◆ DESCRIPTION OF THE TASK: When a line below contains the string "lambda", show that line.

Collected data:
----------

lemma singular_measures_null_if_test_integrals_agree:
  fixes M N :: "'a::euclidean_space measure"
  assumes M: "finite_measure M" "space M = \<Omega>" "sets (restrict_space borel \<Omega>) \<subseteq> sets M"
    and N: "finite_measure N" "space N = \<Omega>" "sets (restrict_space borel \<Omega>) \<subseteq> sets N"
    and A: "A \<in> sets M" "A \<in> sets N"
    and P: "P \<in> sets (restrict_space borel \<Omega>)" "emeasure M (\<Omega> - P) = 0" "emeasure N P = 0"
    and W: "open W" "W \<subseteq> \<Omega>"
    and test: "\<And>h C. C1_function h \<Longrightarrow> compact C \<Longrightarrow> C \<subseteq> W \<Longrightarrow> {x. h x \<noteq> 0} \<subseteq> C \<Longrightarrow>
                  (\<integral>x\<in>A. h x \<partial>M) = (\<integral>x\<in>A. h x \<partial>N)"
  shows "emeasure M (A \<inter> W) = 0" "emeasure N (A \<inter> W) = 0"
proof -
  have open_sets: "U \<in> sets L"
    if "open U" "U \<subseteq> \<Omega>" "sets (restrict_space borel \<Omega>) \<subseteq> sets L" for U and L :: "'a measure"
    using that by (force simp: sets_restrict_space)
  have AW: "A \<inter> W \<in> sets M" "A \<inter> W \<in> sets N"
    using A open_sets[OF W M(3)] open_sets[OF W N(3)] by auto
  have agree: "emeasure M (A \<inter> W \<inter> U) = emeasure N (A \<inter> W \<inter> U)" if U: "open U" for U
  proof -
    obtain h where h: "\<And>k. C1_function (h k)"
      "\<And>k. \<exists>C. compact C \<and> C \<subseteq> U \<inter> W \<and> {x. h k x \<noteq> 0} \<subseteq> C"
      "\<And>k x. 0 \<le> h k x" "\<And>k x. h k x \<le> 1" "\<And>x. (\<lambda>k. h k x) \<longlonglongrightarrow> indicator (U \<inter> W) x"
      using C1_approx_indicator_open[of "U \<inter> W"] U W(1) by blast
    have h_bound: "\<bar>h k x\<bar> \<le> 1" for k x
      using h(3,4)[of k x] by simp
    have h_meas: "h k \<in> borel_measurable L"
      if "space L = \<Omega>" "sets (restrict_space borel \<Omega>) \<subseteq> sets L" for k and L :: "'a measure"
      using measurable_compose[OF measurable_ident_borel[OF that]
          borel_measurable_continuous_onI[OF C1_function_imp_continuous_on[OF h(1)]]] by simp
    have UW: "U \<inter> W \<in> sets M" "U \<inter> W \<in> sets N"
      using open_sets[OF _ _ M(3), of "U \<inter> W"] open_sets[OF _ _ N(3), of "U \<inter> W"] U W by auto
    have "(\<lambda>k. \<integral>x\<in>A. h k x \<partial>M) \<longlonglongrightarrow> measure M (A \<inter> (U \<inter> W))"
      using set_integral_tendsto_measure[OF M(1) A(1) UW(1) h_meas[OF M(2,3)] h_bound h(5)] .
    moreover have "(\<lambda>k. \<integral>x\<in>A. h k x \<partial>N) \<longlonglongrightarrow> measure N (A \<inter> (U \<inter> W))"
      using set_integral_tendsto_measure[OF N(1) A(2) UW(2) h_meas[OF N(2,3)] h_bound h(5)] .
    moreover have "(\<integral>x\<in>A. h k x \<partial>M) = (\<integral>x\<in>A. h k x \<partial>N)" for k
      using h(1,2)[of k] test by blast
    ultimately have "measure M (A \<inter> (U \<inter> W)) = measure N (A \<inter> (U \<inter> W))"
      using LIMSEQ_unique by simp
    with A UW show ?thesis
      using finite_measure.emeasure_eq_measure[OF M(1)] finite_measure.emeasure_eq_measure[OF N(1)]
      by (simp add: Int_assoc Int_commute Int_left_commute)
  qed
  show "emeasure M (A \<inter> W) = 0"
    by (rule singular_measures_null_if_agree_on_open[OF M N(2,3) AW P agree])
  have "\<Omega> - P \<in> sets (restrict_space borel \<Omega>)"
    using P(1) by (auto simp: sets_restrict_space)
  moreover have "\<Omega> - (\<Omega> - P) = P"
    using P(1) by (auto simp: sets_restrict_space)
  ultimately show "emeasure N (A \<inter> W) = 0"
    using agree P(2,3)
    by (intro singular_measures_null_if_agree_on_open[OF N M(2,3) AW(2,1), of "\<Omega> - P"]) auto
qed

----------

◆ ANSWER BOX:
      "\<And>k x. 0 \<le> h k x" "\<And>k x. h k x \<le> 1" "\<And>x. (\<lambda>k. h k x) \<longlonglongrightarrow> indicator (U \<inter> W) x"
    have "(\<lambda>k. \<integral>x\<in>A. h k x \<partial>M) \<longlonglongrightarrow> measure M (A \<inter> (U \<inter> W))"
    moreover have "(\<lambda>k. \<integral>x\<in>A. h k x \<partial>N) \<longlonglongrightarrow> measure N (A \<inter> (U \<inter> W))"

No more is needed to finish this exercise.